Your first bow

So, you’ve decided you want to get your first bow…

Whether you’re looking to get a compound or recurve bow, please do yourself a really big favour and DO NOT go to your nearest general sports store which happens to sell a bow or two.
A store that does not specialise in archery equipment will be unlikely to give you any advice that would be worth a pinch of salt and would only be interested in a sale.
Rather speak to your local archery club, or friends that have been doing archery for some time. Certain aspects of your bow need to be selected to suit you and all too often people are sold bows that are not appropriately configured and the hopeful archer gets disillusioned by the sport and gives it up, quite possibly just because they were sold an incorrect kit setup.
There are many choices in selecting archery kit, some of them are merely cosmetic and therefore easy enough, but some can be fairly technical and should not be undertaken by the inexperienced.

At our local club, when we get first-timers coming to try their hand at archery, we discourage them from purchasing a bow until they’ve decided they really do want to carry on with the sport. There are many who come for a few lessons and then realise that archery is not really for them. If they’d gone out and bought a bow they’d then have regretted spending all that money on something they’d no longer be using. Once a student has been coming to lessons for a few months and decides they’re going to continue with archery and would like to purchase their own bow, we assist them especially with the important choices like limb length and weight and therefore arrow selection.

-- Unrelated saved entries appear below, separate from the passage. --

lemma alpha_bound_le_large_rate:
  fixes a c :: real
  assumes "0 < a" "3 * sqrt 2 / 2 \<le> c" "c \<le> 2 * sqrt 2"
  shows "- (c^2) + 7 * a * c + c / a - 11 * a^2 - 2 - 1 / (4 * a^2) \<le> - (c^2) + 4 * sqrt 2 * c - 6"
proof -
  define r where "r = sqrt 2"
  have r: "r * r = 2" "0 < r"
    unfolding r_def by simp_all
  define w where "w = c / r"
  define u where "u = a * r"
  have "0 < u"
    unfolding u_def using assms r by simp
  have c: "c = w * r" and a: "a = u / r"
    unfolding w_def u_def using r by simp_all
  have "3/2 \<le> w" "w \<le> 2"
    unfolding w_def using assms r unfolding r_def[symmetric] by (simp_all add: field_simps)
  with \<open>0 < u\<close> have scaled: "2 * w * (7 * u / 2 + 1 / u - 4) \<le> 11 * u^2 / 2 + 1 / (2 * u^2) - 4"
    by (intro large_rate_comparison_scaled)
  have subst: "r * c = 2 * w" "a * c = w * u" "c / a = 2 * w / u" "a^2 = u^2 / 2"
    unfolding c a using r \<open>0 < u\<close> by (simp_all add: field_simps power2_eq_square)
  have "(- (c^2) + 4 * r * c - 6) - (- (c^2) + 7 * a * c + c / a - 11 * a^2 - 2 - 1 / (4 * a^2))
      = 4 * (r * c) - 4 - 7 * (a * c) - c / a + 11 * a^2 + 1 / (4 * a^2)"
    by (simp add: algebra_simps)
  also have "\<dots> = 4 * (2 * w) - 4 - 7 * (w * u) - 2 * w / u + 11 * (u^2 / 2) + 1 / (4 * (u^2 / 2))"
    unfolding subst ..
  also have "\<dots> = 11 * u^2 / 2 + 1 / (2 * u^2) - 4 - 2 * w * (7 * u / 2 + 1 / u - 4)"
    using \<open>0 < u\<close> by (simp add: field_simps)
  finally show ?thesis
    using scaled unfolding r_def by linarith
qed

lemma c0_le: "c0 \<le> 3 * sqrt 2 / 2"
proof -
  have "7 / 3 \<le> sqrt 6"
    by (rule real_le_rsqrt) (simp add: power2_eq_square)
  then have "7 \<le> 3 * (sqrt 2 * sqrt 3)"
    by (simp add: real_sqrt_mult[symmetric])
  then show ?thesis
    unfolding c0_def by (simp add: field_simps)
qed

lemma c0_less_c1: "c0 < c1"
proof -
  have "3 * sqrt 2 / 2 < 2 * sqrt 2"
    by simp
  with c0_le show ?thesis
    unfolding c1_def by linarith
qed

lemma alpha_pos:
  assumes "c0 \<le> c"
  shows "0 < alpha c"
proof -
  have "sqrt 3 * sqrt 2 \<le> 4"
    using real_sqrt_le_iff[of 6 16] by (simp add: real_sqrt_mult[symmetric])
  then have "sqrt 3 / 4 \<le> 1 / sqrt 2"
    by (simp add: field_simps)
  then have "0 \<le> (1 / sqrt 2 - sqrt 3 / 4) / (c1 - c0) * (c - c0)"
    using c0_less_c1 assms by simp
  moreover have "0 < sqrt 3 / 4"
    by simp
  ultimately show ?thesis
    unfolding alpha_def by linarith
qed

theorem lemma5:
  fixes c :: real
  assumes "c > 0"
  shows "(c \<le> c0 \<longrightarrow> s_c c \<ge> ereal (9 * c^2 / 28)) \<and>
         (c0 \<le> c \<and> c \<le> c1 \<longrightarrow>
            s_c c \<ge> ereal (- (c^2) + 7 * alpha c * c + c / alpha c - 11 * (alpha c)^2 - 2
                             - 1 / (4 * (alpha c)^2)))"
proof (intro conjI impI)
  assume "c \<le> c0"
  with assms c0_le have "ereal (c^2 / 3) \<le> s_c c"
    by (intro s_c_ge_small) auto
  then show "ereal (9 * c^2 / 28) \<le> s_c c"
    by (rule order_trans[rotated]) simp
next
  assume c: "c0 \<le> c \<and> c \<le> c1"
  then have "0 < alpha c"
    by (intro alpha_pos) simp
  show "ereal (- (c^2) + 7 * alpha c * c + c / alpha c - 11 * (alpha c)^2 - 2
                - 1 / (4 * (alpha c)^2)) \<le> s_c c"
  proof (cases "c \<le> 3 * sqrt 2 / 2")
    case True
    with assms have "ereal (c^2 / 3) \<le> s_c c"
      by (intro s_c_ge_small)
    moreover have "- (c^2) + 7 * alpha c * c + c / alpha c - 11 * (alpha c)^2 - 2
                     - 1 / (4 * (alpha c)^2) \<le> c^2 / 3"
      using \<open>0 < alpha c\<close> by (intro alpha_bound_le_small_rate) simp
    ultimately show ?thesis
      by (meson ereal_less_eq(3) order_trans)
  next
    case False
    with c have "ereal (- (c^2) + 4 * sqrt 2 * c - 6) \<le> s_c c"
      by (intro s_c_ge_large) (auto simp: c1_def)
    moreover have "- (c^2) + 7 * alpha c * c + c / alpha c - 11 * (alpha c)^2 - 2
                     - 1 / (4 * (alpha c)^2) \<le> - (c^2) + 4 * sqrt 2 * c - 6"
      using \<open>0 < alpha c\<close> False c by (intro alpha_bound_le_large_rate) (auto simp: c1_def)
    ultimately show ?thesis
      by (meson ereal_less_eq(3) order_trans)
  qed
qed

end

We don’t stop there, just because the student has purchased their own equipment. We will assist with the bow setup and we encourage the students to continue coming for “coaching”, it’s not about trying to make more money off them, we just want them to “acclimatise” to their new kit as it’s typically quite a different feel to the club kit that they started on. Ultimately it’s up to them whether they still want to continue with instruction, but of course being a club member by then they can make use of the range at any time and practice on their own, which most tend to do.

To all those out there that think “archery is easy, just pull the string with an arrow, point it where you want it to go and let go”, I challenge you to find your local archery club or corporate event facility that offers “archery” and give it a go. You’ll discover that it’s not as easy as it’s made out to be (Hollywood be damned) and you may even discover that you actually enjoy it and want to try it again. If you do decide you’d possibly enjoy the sport and want to continue a while then ensure you find a proper archery club that offers at least semi-formal instruction, most corporate event facilities that claim to offer archery will seldom have instructors that will teach you to correct techniques, remember they’re there to offer a couple of hours of fun shooting some arrows, not to turn out competent archers…

It’s very important before you get your first bow, and once you have it, to familiarise yourself with the equipment used in archery, especially if you plan on shooting some tournaments, so that when other archers start talking in archery jargon you can follow and potentially take in some information or advice too.